In my prior submission, I noted that there is no section in the CPPA on international data transfers, particularly ironic given the emphasis on global flows of personal data in all the government’s explanatory material. I know of no other modern privacy law that fails to give businesses proper guidance on what they must do if they want to process personal data offshore. The only requirement is for the organization to require the service provider (by contract or otherwise) to ensure a level of protection of the personal information “equivalent to that which the organization is required to provide under this Act” (Section 11(1)). This due diligence applies whether the business is transferring personal data to another province in Canada, or overseas to a country, that may or may not have strong privacy protection or indeed a record for the protection of human rights. This is particularly troubling because “an organization may transfer an individual’s personal information to a service provider without their knowledge or consent” (Sec. 19)
I do not advocate a Canadian “safe harbor” or adequacy approach like the EU. But Quebec has, I believe, legislated an appropriate compromise under section 17 of Law 25 which requires businesses to do an assessment, including of the legal framework, when sending personal information outside Quebec.[1] As many Canadian businesses will have to comply with the Quebec legislation, these provisions should be mirrored in C-27.
Conclusion
I have outlined reasons why the recent adequacy judgement about Canadian data protection should be read in context and in its entirety.

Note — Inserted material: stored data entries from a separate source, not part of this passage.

(* The metric $g$ is Killing (i.e. $\mathrm{Ad}$-invariant: $g([x,y],z)=g(x,[y,z])$ for all $x,y,z\in\mathfrak l$) if and only if $(L,\varphi,\xi,\eta,g)$ belongs to $\mathcal{F}_8\oplus\mathcal{F}_{10}$ with $2\lambda=-\nu$, where $\lambda=F_{101}$ and $\nu=F_{011}$. Equivalently, $g$ is Killing iff $C_{12}^0=-C_{01}^2=-C_{02}^1$ and all other $C_{ij}^k$ ($i<j$) vanish.
   Context: Let $L$ be a 3-dimensional real connected Lie group with Lie algebra $\mathfrak l$, and let $\{E_0,E_1,E_2\}$ be a basis of left-invariant vector fields, with $[E_i,E_j]=C_{ij}^kE_k$. Define the left-invariant almost contact structure $(\varphi,\xi,\eta)$ by $\varphi E_0=0$, $\varphi E_1=E_2$, $\varphi E_2=-E_1$, $\xi=E_0$, $\eta(E_0)=1$, $\eta(E_1)=\eta(E_2)=0$, and the left-invariant pseudo-Riemannian metric $g$ by $g(E_0,E_0)=g(E_1,E_1)=-g(E_2,E_2)=1$, $g(E_i,E_j)=0$ for $i\neq j$. Let $\nabla$ be the Levi-Civita connection of $g$, $F(x,y,z)=g((\nabla_x\varphi)y,z)$, and $F_{ijk}=F(E_i,E_j,E_k)$. The manifold belongs to $\mathcal{F}_8$ iff all $F_{ijk}$ vanish except possibly $F_{101}=F_{110}=F_{202}=F_{220}=:\lambda$; to $\mathcal{F}_{10}$ iff all vanish except possibly $F_{011}=F_{022}=:\nu$; it belongs to $\mathcal{F}_8\oplus\mathcal{F}_{10}$ iff $F$ is the sum of a tensor of the $\mathcal{F}_8$ form and a tensor of the $\mathcal{F}_{10}$ form, i.e. all $F_{ijk}$ vanish except possibly $F_{101}=F_{110}=F_{202}=F_{220}=\lambda$ and $F_{011}=F_{022}=\nu$. *)

theory Defs
  imports Complex_Main
begin

(* The Lie algebra l of L is identified with R^3 via the basis E_0,E_1,E_2:
   a vector is a function nat => real whose components 0,1,2 are used.
   C i j k = C_{ij}^k are the structure constants, [E_i,E_j] = sum_k C i j k E_k.
   Nb i j k = k-th component of nabla_{E_i} E_j (Levi-Civita connection on
   left-invariant fields). *)

definition basis_vec :: "nat \<Rightarrow> nat \<Rightarrow> real" where
  "basis_vec j = (\<lambda>k. if k = j then 1 else 0)"

definition sgn_g :: "nat \<Rightarrow> real" where
  "sgn_g k = (if k = 2 then -1 else 1)"

definition gmet :: "(nat \<Rightarrow> real) \<Rightarrow> (nat \<Rightarrow> real) \<Rightarrow> real" where
  "gmet x y = x 0 * y 0 + x 1 * y 1 - x 2 * y 2"

definition lie_br :: "(nat \<Rightarrow> nat \<Rightarrow> nat \<Rightarrow> real) \<Rightarrow> (nat \<Rightarrow> real) \<Rightarrow> (nat \<Rightarrow> real) \<Rightarrow> (nat \<Rightarrow> real)" where
  "lie_br C x y = (\<lambda>k. \<Sum>i<3. \<Sum>j<3. x i * y j * C i j k)"

definition is_lie_structure :: "(nat \<Rightarrow> nat \<Rightarrow> nat \<Rightarrow> real) \<Rightarrow> bool" where
  "is_lie_structure C \<longleftrightarrow>
     (\<forall>i<3. \<forall>j<3. \<forall>k<3. C i j k = - C j i k) \<and>
     (\<forall>i<3. \<forall>j<3. \<forall>l<3. \<forall>m<3.
        (\<Sum>k<3. C i j k * C k l m + C j l k * C k i m + C l i k * C k j m) = 0)"

definition phi :: "(nat \<Rightarrow> real) \<Rightarrow> (nat \<Rightarrow> real)" where
  "phi v = (\<lambda>k. if k = 1 then - v 2 else if k = 2 then v 1 else 0)"

definition nabla_vec :: "(nat \<Rightarrow> nat \<Rightarrow> nat \<Rightarrow> real) \<Rightarrow> nat \<Rightarrow> (nat \<Rightarrow> real) \<Rightarrow> (nat \<Rightarrow> real)" where
  "nabla_vec Nb i v = (\<lambda>k. \<Sum>j<3. v j * Nb i j k)"

(* Levi-Civita connection on left-invariant vector fields: torsion free and
   metric (for left-invariant fields g(Y,Z) is constant, so X g(Y,Z) = 0). *)
definition is_levi_civita ::
  "(nat \<Rightarrow> nat \<Rightarrow> nat \<Rightarrow> real) \<Rightarrow> (nat \<Rightarrow> nat \<Rightarrow> nat \<Rightarrow> real) \<Rightarrow> bool" where
  "is_levi_civita C Nb \<longleftrightarrow>
     (\<forall>i<3. \<forall>j<3. \<forall>k<3. Nb i j k - Nb j i k = C i j k) \<and>
     (\<forall>i<3. \<forall>j<3. \<forall>k<3.
        gmet (nabla_vec Nb i (basis_vec j)) (basis_vec k)
        + gmet (basis_vec j) (nabla_vec Nb i (basis_vec k)) = 0)"

definition Fcomp :: "(nat \<Rightarrow> nat \<Rightarrow> nat \<Rightarrow> real) \<Rightarrow> nat \<Rightarrow> nat \<Rightarrow> nat \<Rightarrow> real" where
  "Fcomp Nb i j k =
     gmet (\<lambda>m. nabla_vec Nb i (phi (basis_vec j)) m - phi (nabla_vec Nb i (basis_vec j)) m)
          (basis_vec k)"

definition killing_metric :: "(nat \<Rightarrow> nat \<Rightarrow> nat \<Rightarrow> real) \<Rightarrow> bool" where
  "killing_metric C \<longleftrightarrow>
     (\<forall>x y z. gmet (lie_br C x y) z = gmet x (lie_br C y z))"

definition F8_F10_form :: "(nat \<Rightarrow> nat \<Rightarrow> nat \<Rightarrow> real) \<Rightarrow> real \<Rightarrow> real \<Rightarrow> bool" where
  "F8_F10_form Nb lam nu \<longleftrightarrow>
     (\<forall>i<3. \<forall>j<3. \<forall>k<3. Fcomp Nb i j k =
        (if (i,j,k) \<in> {(1,0,1),(1,1,0),(2,0,2),(2,2,0)} then lam
         else if (i,j,k) \<in> {(0,1,1),(0,2,2)} then nu else 0))"
(* Let $X,Y$ be countable discrete metric spaces, $d\in D(X,Y)$, $d'\in D(Y,X)$, and suppose $M_{d'\circ d}(X,X)=M_{d^0}(X,X)$ $(=C^*_u(X))$. Then there exists an almost isometry $f:X\to Y$ such that $d$ and $d_f$ are almost isometric, i.e. $\sup_{x\in X,y\in Y}|d(x,y)-d_f(x,y)|<\infty$.
   Context: $D(X,Y)$: metrics on $X\sqcup Y$ extending $d_X,d_Y$. $(d'\circ d)$ is the function on $X\sqcup X'$ ($X'$ a second copy of $X$) given by $d_X$ on each copy and $(d'\circ d)(x_1,x_2')=\inf_{y\in Y}(d(x_1,y)+d'(y,x_2'))$. For such a function $\rho$, $M_\rho(X,X)$ is the norm closure of bounded operators $T$ on $l^2(X)$ for which there is $L$ with $\langle T\delta_{x_1},\delta_{x_2}\rangle=0$ whenever $\rho(x_1,x_2')\ge L$. $d^0(x_1,x_2')=d_X(x_1,x_2)+1$. An almost isometry $f:X\to Y$ satisfies $d_X(x,x')-C\le d_Y(f(x),f(x'))\le d_X(x,x')+C$ for some $C>0$; $d_f(x,y)=\inf_{\tilde x\in X}(d_X(x,\tilde x)+C/2+d_Y(f(\tilde x),y))$. *)

theory Defs
  imports "HOL-Analysis.Analysis"
begin

definition is_metric :: "'a set \<Rightarrow> ('a \<Rightarrow> 'a \<Rightarrow> real) \<Rightarrow> bool" where
  "is_metric S m \<longleftrightarrow>
     (\<forall>x\<in>S. \<forall>y\<in>S. 0 \<le> m x y \<and> (m x y = 0 \<longleftrightarrow> x = y) \<and> m x y = m y x) \<and>
     (\<forall>x\<in>S. \<forall>y\<in>S. \<forall>z\<in>S. m x z \<le> m x y + m y z)"

definition discrete_metric :: "('a \<Rightarrow> 'a \<Rightarrow> real) \<Rightarrow> bool" where
  "discrete_metric m \<longleftrightarrow> (\<forall>x. \<exists>e>0. \<forall>y. y \<noteq> x \<longrightarrow> e \<le> m x y)"

fun glue :: "('a \<Rightarrow> 'a \<Rightarrow> real) \<Rightarrow> ('b \<Rightarrow> 'b \<Rightarrow> real) \<Rightarrow> ('a \<Rightarrow> 'b \<Rightarrow> real)
              \<Rightarrow> ('a + 'b) \<Rightarrow> ('a + 'b) \<Rightarrow> real" where
  "glue dX dY d (Inl x) (Inl x') = dX x x'"
| "glue dX dY d (Inr y) (Inr y') = dY y y'"
| "glue dX dY d (Inl x) (Inr y) = d x y"
| "glue dX dY d (Inr y) (Inl x) = d x y"

text \<open>D(X,Y): metrics on X \<sqcup> Y extending d_X and d_Y, represented by their cross part.\<close>
definition DXY :: "('a \<Rightarrow> 'a \<Rightarrow> real) \<Rightarrow> ('b \<Rightarrow> 'b \<Rightarrow> real) \<Rightarrow> ('a \<Rightarrow> 'b \<Rightarrow> real) set" where
  "DXY dX dY = {d. is_metric UNIV (glue dX dY d)}"

text \<open>Cross part of d' \<circ> d on X \<sqcup> X'.\<close>
definition compose_metric :: "('b \<Rightarrow> 'a \<Rightarrow> real) \<Rightarrow> ('a \<Rightarrow> 'b \<Rightarrow> real) \<Rightarrow> 'a \<Rightarrow> 'a \<Rightarrow> real" where
  "compose_metric d' d x1 x2 = (INF y. d x1 y + d' y x2)"

definition d0 :: "('a \<Rightarrow> 'a \<Rightarrow> real) \<Rightarrow> 'a \<Rightarrow> 'a \<Rightarrow> real" where
  "d0 dX x1 x2 = dX x1 x2 + 1"

text \<open>Bounded operators on l^2(X) are represented by their matrix entries
  m x1 x2 = \<langle>T \<delta>_x1, \<delta>_x2\<rangle>. opnorm_le m c says the operator norm is at most c,
  tested on finitely supported vectors (which are dense in l^2(X)).\<close>
definition opnorm_le :: "('a \<Rightarrow> 'a \<Rightarrow> complex) \<Rightarrow> real \<Rightarrow> bool" where
  "opnorm_le m c \<longleftrightarrow>
     (\<forall>F G (v::'a \<Rightarrow> complex) (w::'a \<Rightarrow> complex). finite F \<longrightarrow> finite G \<longrightarrow>
        (\<Sum>x\<in>F. (cmod (v x))\<^sup>2) \<le> 1 \<longrightarrow> (\<Sum>x\<in>G. (cmod (w x))\<^sup>2) \<le> 1 \<longrightarrow>
        cmod (\<Sum>x1\<in>F. \<Sum>x2\<in>G. m x1 x2 * v x1 * cnj (w x2)) \<le> c)"

definition bounded_op :: "('a \<Rightarrow> 'a \<Rightarrow> complex) \<Rightarrow> bool" where
  "bounded_op m \<longleftrightarrow> (\<exists>c. opnorm_le m c)"

definition finite_prop :: "('a \<Rightarrow> 'a \<Rightarrow> real) \<Rightarrow> ('a \<Rightarrow> 'a \<Rightarrow> complex) \<Rightarrow> bool" where
  "finite_prop \<rho> m \<longleftrightarrow> (\<exists>L. \<forall>x1 x2. \<rho> x1 x2 \<ge> L \<longrightarrow> m x1 x2 = 0)"

definition M_alg :: "('a \<Rightarrow> 'a \<Rightarrow> real) \<Rightarrow> ('a \<Rightarrow> 'a \<Rightarrow> complex) set" where
  "M_alg \<rho> = {m. bounded_op m \<and>
      (\<forall>e>0. \<exists>s. bounded_op s \<and> finite_prop \<rho> s \<and> opnorm_le (\<lambda>x1 x2. m x1 x2 - s x1 x2) e)}"

definition almost_isometry :: "('a \<Rightarrow> 'a \<Rightarrow> real) \<Rightarrow> ('b \<Rightarrow> 'b \<Rightarrow> real) \<Rightarrow> ('a \<Rightarrow> 'b) \<Rightarrow> real \<Rightarrow> bool" where
  "almost_isometry dX dY f C \<longleftrightarrow> C > 0 \<and>
     (\<forall>x x'. dX x x' - C \<le> dY (f x) (f x') \<and> dY (f x) (f x') \<le> dX x x' + C)"

definition d_f :: "('a \<Rightarrow> 'a \<Rightarrow> real) \<Rightarrow> ('b \<Rightarrow> 'b \<Rightarrow> real) \<Rightarrow> ('a \<Rightarrow> 'b) \<Rightarrow> real \<Rightarrow> 'a \<Rightarrow> 'b \<Rightarrow> real" where
  "d_f dX dY f C x y = (INF x'. dX x x' + C / 2 + dY (f x') y)"

end

theory Submission
  imports Defs
begin

text \<open>The identity operator has propagation 1 for \<open>d\<^sup>0\<close>, so by hypothesis it is
  within norm distance 1/2 of an operator \<open>s\<close> of finite propagation \<open>L\<close> for \<open>d' \<circ> d\<close>.
  Every diagonal entry of \<open>s\<close> is then nonzero, so \<open>(d' \<circ> d)(x, x) < L\<close>, which yields
  a point \<open>f x \<in> Y\<close> with \<open>d(x, f x) < L\<close>. The triangle inequalities of the metric
  \<open>d\<close> on \<open>X \<squnion> Y\<close> then show that \<open>f\<close> is an almost isometry and that \<open>d\<close> and
  \<open>d\<^sub>f\<close> differ by at most \<open>2L\<close>.\<close>

lemma DXY_glue_triangle:
  assumes "d \<in> DXY dX dY"
  shows "glue dX dY d a c \<le> glue dX dY d a b + glue dX dY d b c"
proof -
  have "is_metric UNIV (glue dX dY d)" using assms by (simp add: DXY_def)
  then show ?thesis unfolding is_metric_def by blast
qed

lemma DXY_nonneg:
  assumes "d \<in> DXY dX dY"
  shows "0 \<le> d x y"
proof -
  have "is_metric UNIV (glue dX dY d)" using assms by (simp add: DXY_def)
  then have "0 \<le> glue dX dY d (Inl x) (Inr y)" unfolding is_metric_def by blast
  then show ?thesis by simp
qed

lemma DXY_dY_le:
  assumes "d \<in> DXY dX dY"
  shows "dY y y' \<le> d x y + d x y'"
  using DXY_glue_triangle[OF assms, where a="Inr y" and b="Inl x" and c="Inr y'"] by simp

lemma DXY_dX_le:
  assumes "d \<in> DXY dX dY"
  shows "dX x x' \<le> d x y + d x' y"
  using DXY_glue_triangle[OF assms, where a="Inl x" and b="Inr y" and c="Inl x'"] by simp

lemma DXY_le_dX_add:
  assumes "d \<in> DXY dX dY"
  shows "d x y \<le> dX x x' + d x' y"
  using DXY_glue_triangle[OF assms, where a="Inl x" and b="Inl x'" and c="Inr y"] by simp

lemma DXY_le_add_dY:
  assumes "d \<in> DXY dX dY"
  shows "d x y \<le> d x y' + dY y' y"
  using DXY_glue_triangle[OF assms, where a="Inl x" and b="Inr y'" and c="Inr y"] by simp

lemma compose_metric_less_imp_ex_less:
  assumes "\<And>x y. 0 \<le> d x y" and "\<And>x y. 0 \<le> d' y x"
    and "compose_metric d' d x x' < L"
  shows "\<exists>y. d x y < L"
proof -
  have "bdd_below (range (\<lambda>y. d x y + d' y x'))"
    by (rule bdd_belowI[of _ 0]) (auto simp: assms(1,2) add_nonneg_nonneg)
  with assms(3) obtain y where "d x y + d' y x' < L"
    by (auto simp: compose_metric_def cINF_less_iff)
  with assms(2)[of y x'] show ?thesis by (intro exI[of _ y]) simp
qed

definition id_matrix :: "'a \<Rightarrow> 'a \<Rightarrow> complex" where
  "id_matrix x1 x2 = (if x1 = x2 then 1 else 0)"

lemma sum_id_matrix_bilinear:
  assumes "finite F" and "finite G"
  shows "(\<Sum>x1\<in>F. \<Sum>x2\<in>G. id_matrix x1 x2 * v x1 * cnj (w x2))
    = (\<Sum>x\<in>F \<inter> G. v x * cnj (w x))"
proof -
  have "(\<Sum>x2\<in>G. id_matrix x1 x2 * v x1 * cnj (w x2)) = (if x1 \<in> G then v x1 * cnj (w x1) else 0)"
    for x1
  proof -
    have "(\<Sum>x2\<in>G. id_matrix x1 x2 * v x1 * cnj (w x2))
        = (\<Sum>x2\<in>G. if x1 = x2 then v x1 * cnj (w x2) else 0)"
      by (rule sum.cong) (auto simp: id_matrix_def)
    then show ?thesis using assms(2) by simp
  qed
  then show ?thesis using assms(1) by (simp add: sum.If_cases Int_commute)
qed

lemma opnorm_le_id_matrix: "opnorm_le id_matrix 1"
  unfolding opnorm_le_def
proof (intro allI impI)
  fix F G :: "'a set" and v w :: "'a \<Rightarrow> complex"
  assume F: "finite F" and G: "finite G"
    and v: "(\<Sum>x\<in>F. (cmod (v x))\<^sup>2) \<le> 1" and w: "(\<Sum>x\<in>G. (cmod (w x))\<^sup>2) \<le> 1"
  have "cmod (\<Sum>x1\<in>F. \<Sum>x2\<in>G. id_matrix x1 x2 * v x1 * cnj (w x2))
       \<le> (\<Sum>x\<in>F \<inter> G. cmod (v x) * cmod (w x))"
    using norm_sum[of "\<lambda>x. v x * cnj (w x)" "F \<inter> G"]
    by (simp add: sum_id_matrix_bilinear[OF F G] norm_mult)
  also have "\<dots> \<le> (\<Sum>x\<in>F \<inter> G. ((cmod (v x))\<^sup>2 + (cmod (w x))\<^sup>2) / 2)"
  proof (rule sum_mono)
    fix x
    have "0 \<le> (cmod (v x) - cmod (w x))\<^sup>2" by simp
    then show "cmod (v x) * cmod (w x) \<le> ((cmod (v x))\<^sup>2 + (cmod (w x))\<^sup>2) / 2"
      by (simp add: power2_eq_square algebra_simps)
  qed
  also have "\<dots> = ((\<Sum>x\<in>F \<inter> G. (cmod (v x))\<^sup>2) + (\<Sum>x\<in>F \<inter> G. (cmod (w x))\<^sup>2)) / 2"
    by (simp add: sum_divide_distrib flip: sum.distrib)
  also have "\<dots> \<le> ((\<Sum>x\<in>F. (cmod (v x))\<^sup>2) + (\<Sum>x\<in>G. (cmod (w x))\<^sup>2)) / 2"
    using sum_mono2[OF F, of "F \<inter> G" "\<lambda>x. (cmod (v x))\<^sup>2"]
          sum_mono2[OF G, of "F \<inter> G" "\<lambda>x. (cmod (w x))\<^sup>2"] by auto
  also have "\<dots> \<le> 1" using v w by simp
  finally show "cmod (\<Sum>x1\<in>F. \<Sum>x2\<in>G. id_matrix x1 x2 * v x1 * cnj (w x2)) \<le> 1" .
qed

lemma opnorm_le_diag:
  assumes "opnorm_le m c"
  shows "cmod (m x x) \<le> c"
proof -
  have "cmod (\<Sum>x1\<in>{x}. \<Sum>x2\<in>{x}. m x1 x2 * (\<lambda>_. 1) x1 * cnj ((\<lambda>_. 1) x2)) \<le> c"
    using assms unfolding opnorm_le_def
    by (elim allE[of _ "{x}"] allE[of _ "{x}"] allE[of _ "\<lambda>_. 1"] allE[of _ "\<lambda>_. 1"]) simp
  then show ?thesis by simp
qed

lemma M_alg_finite_prop:
  assumes "bounded_op m" and "finite_prop \<rho> m"
  shows "m \<in> M_alg \<rho>"
proof -
  have "opnorm_le (\<lambda>x1 x2. m x1 x2 - m x1 x2) e" if "e > 0" for e
    using that by (simp add: opnorm_le_def)
  with assms show ?thesis unfolding M_alg_def by blast
qed

lemma id_matrix_in_M_alg_d0:
  assumes "\<And>x. dX x x = 0"
  shows "id_matrix \<in> M_alg (d0 dX)"
proof (rule M_alg_finite_prop)
  show "bounded_op id_matrix"
    using opnorm_le_id_matrix unfolding bounded_op_def by blast
  show "finite_prop (d0 dX) id_matrix"
    unfolding finite_prop_def d0_def id_matrix_def
    by (rule exI[of _ 2]) (auto simp: assms)
qed

lemma M_alg_id_matrix_diag_bounded:
  assumes "id_matrix \<in> M_alg \<rho>"
  shows "\<exists>L. \<forall>x. \<rho> x x < L"
proof -
  have "\<forall>e>0. \<exists>s. bounded_op s \<and> finite_prop \<rho> s \<and>
      opnorm_le (\<lambda>x1 x2. id_matrix x1 x2 - s x1 x2) e"
    using assms unfolding M_alg_def by blast
  then obtain s where "finite_prop \<rho> s"
    and approx: "opnorm_le (\<lambda>x1 x2. id_matrix x1 x2 - s x1 x2) (1/2)"
    by (meson half_gt_zero zero_less_one)
  then obtain L where L: "\<And>x1 x2. \<rho> x1 x2 \<ge> L \<Longrightarrow> s x1 x2 = 0"
    unfolding finite_prop_def by blast
  have "s x x \<noteq> 0" for x
    using opnorm_le_diag[OF approx, of x] by (auto simp: id_matrix_def)
  then show ?thesis using L not_le by blast
qed

lemma almost_isometry_DXY_close:
  assumes "is_metric UNIV dY" and "d \<in> DXY dX dY"
    and "\<And>x. d x (f x) \<le> B" and "B > 0"
  shows "almost_isometry dX dY f (2 * B)"
  unfolding almost_isometry_def
proof (intro conjI allI)
  fix x x'
  have "dY (f x) (f x') = dY (f x') (f x)"
    using assms(1) unfolding is_metric_def by blast
  then show "dX x x' - 2 * B \<le> dY (f x) (f x')"
    using DXY_dX_le[OF assms(2), where x=x and x'=x' and y="f x"]
      DXY_le_add_dY[OF assms(2), where x=x' and y="f x" and y'="f x'"]
      assms(3)[of x] assms(3)[of x'] by linarith
  show "dY (f x) (f x') \<le> dX x x' + 2 * B"
    using DXY_dY_le[OF assms(2), where y="f x" and y'="f x'" and x=x]
      DXY_le_dX_add[OF assms(2), where x=x and x'=x' and y="f x'"]
      assms(3)[of x] assms(3)[of x'] by linarith
qed (use assms(4) in simp)

lemma d_f_DXY_close:
  assumes "is_metric UNIV dX" and "is_metric UNIV dY" and "d \<in> DXY dX dY"
    and "\<And>x. d x (f x) \<le> B" and "B > 0"
  shows "\<bar>d x y - d_f dX dY f (2 * B) x y\<bar> \<le> 2 * B"
proof -
  have dX: "dX x x = 0" "\<And>x'. 0 \<le> dX x x'" and dY: "\<And>y'. 0 \<le> dY y' y"
    using assms(1,2) unfolding is_metric_def by auto
  have "d x y \<le> d_f dX dY f (2 * B) x y"
    unfolding d_f_def
  proof (rule cINF_greatest)
    fix x'
    show "d x y \<le> dX x x' + 2 * B / 2 + dY (f x') y"
      using DXY_le_dX_add[OF assms(3), where x=x and x'=x' and y=y]
        DXY_le_add_dY[OF assms(3), where x=x' and y=y and y'="f x'"]
        assms(4)[of x'] by linarith
  qed simp
  moreover have "d_f dX dY f (2 * B) x y \<le> dX x x + 2 * B / 2 + dY (f x) y"
    unfolding d_f_def
    by (rule cINF_lower)
      (auto intro!: bdd_belowI[of _ 0] add_nonneg_nonneg dX dY less_imp_le[OF assms(5)])
  ultimately show ?thesis
    using dX(1) DXY_dY_le[OF assms(3), where y="f x" and y'=y and x=x] assms(4)[of x] by linarith
qed

theorem theorem4p2:
  fixes dX :: "'a::countable \<Rightarrow> 'a \<Rightarrow> real" and dY :: "'b::countable \<Rightarrow> 'b \<Rightarrow> real"
    and d :: "'a \<Rightarrow> 'b \<Rightarrow> real" and d' :: "'b \<Rightarrow> 'a \<Rightarrow> real"
  assumes "is_metric UNIV dX" and "is_metric UNIV dY"
    and "discrete_metric dX" and "discrete_metric dY"
    and "d \<in> DXY dX dY" and "d' \<in> DXY dY dX"
    and "M_alg (compose_metric d' d) = M_alg (d0 dX)"
  shows "\<exists>f C. almost_isometry dX dY f C \<and>
           (\<exists>K. \<forall>x y. \<bar>d x y - d_f dX dY f C x y\<bar> \<le> K)"
proof -
  have "\<And>x. dX x x = 0" using assms(1) unfolding is_metric_def by blast
  then have "id_matrix \<in> M_alg (compose_metric d' d)"
    using id_matrix_in_M_alg_d0 assms(7) by metis
  then obtain L where "\<And>x. compose_metric d' d x x < L"
    using M_alg_id_matrix_diag_bounded by blast
  then have "\<exists>y. d x y < L" for x
    by (rule compose_metric_less_imp_ex_less[OF DXY_nonneg[OF assms(5)] DXY_nonneg[OF assms(6)]])
  then obtain f where f: "\<And>x. d x (f x) < L" by metis
  define B where "B = max L 1"
  have close: "d x (f x) \<le> B" for x using f[of x] by (simp add: B_def)
  have B: "B > 0" by (simp add: B_def)
  have "almost_isometry dX dY f (2 * B)"
    by (rule almost_isometry_DXY_close[OF assms(2,5) close B])
  moreover have "\<bar>d x y - d_f dX dY f (2 * B) x y\<bar> \<le> 2 * B" for x y
    by (rule d_f_DXY_close[OF assms(1,2,5) close B])
  ultimately show ?thesis by blast
qed

end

The arguments for the modernization of Canada’s privacy protection framework advanced by the government and other stakeholders over the last several years remain valid. The reality is that Canada needs stronger privacy protections for our citizens, regardless of the demands of our European partners. Bill C-27 has been subject to many compromises already. It should not further be weakened on the grounds that the status quo has been found “adequate.” On the contrary, the committee has heard from many witnesses about how the Bill should be strengthened to advance the essential human right to privacy, both to promote the rights of our citizens, and to protect the vital interests of Canadian businesses in the global economy.
______________________
[1] Quebec, An Act to Modernize legislative provisions as regards the protection of personal information (Law 25) (2022). Sec. 17: “Before communicating personal information outside Québec, a person carrying on an enterprise must conduct a privacy impact assessment. The person must, in particular, take into account:
(1) the sensitivity of the information;
(2) the purposes for which it is to be used;
(3) the protection measures, including those that are contractual, that would apply to it; and
(4) the legal framework applicable in the State in which the information would be communicated, including the personal information protection principles applicable in that State.”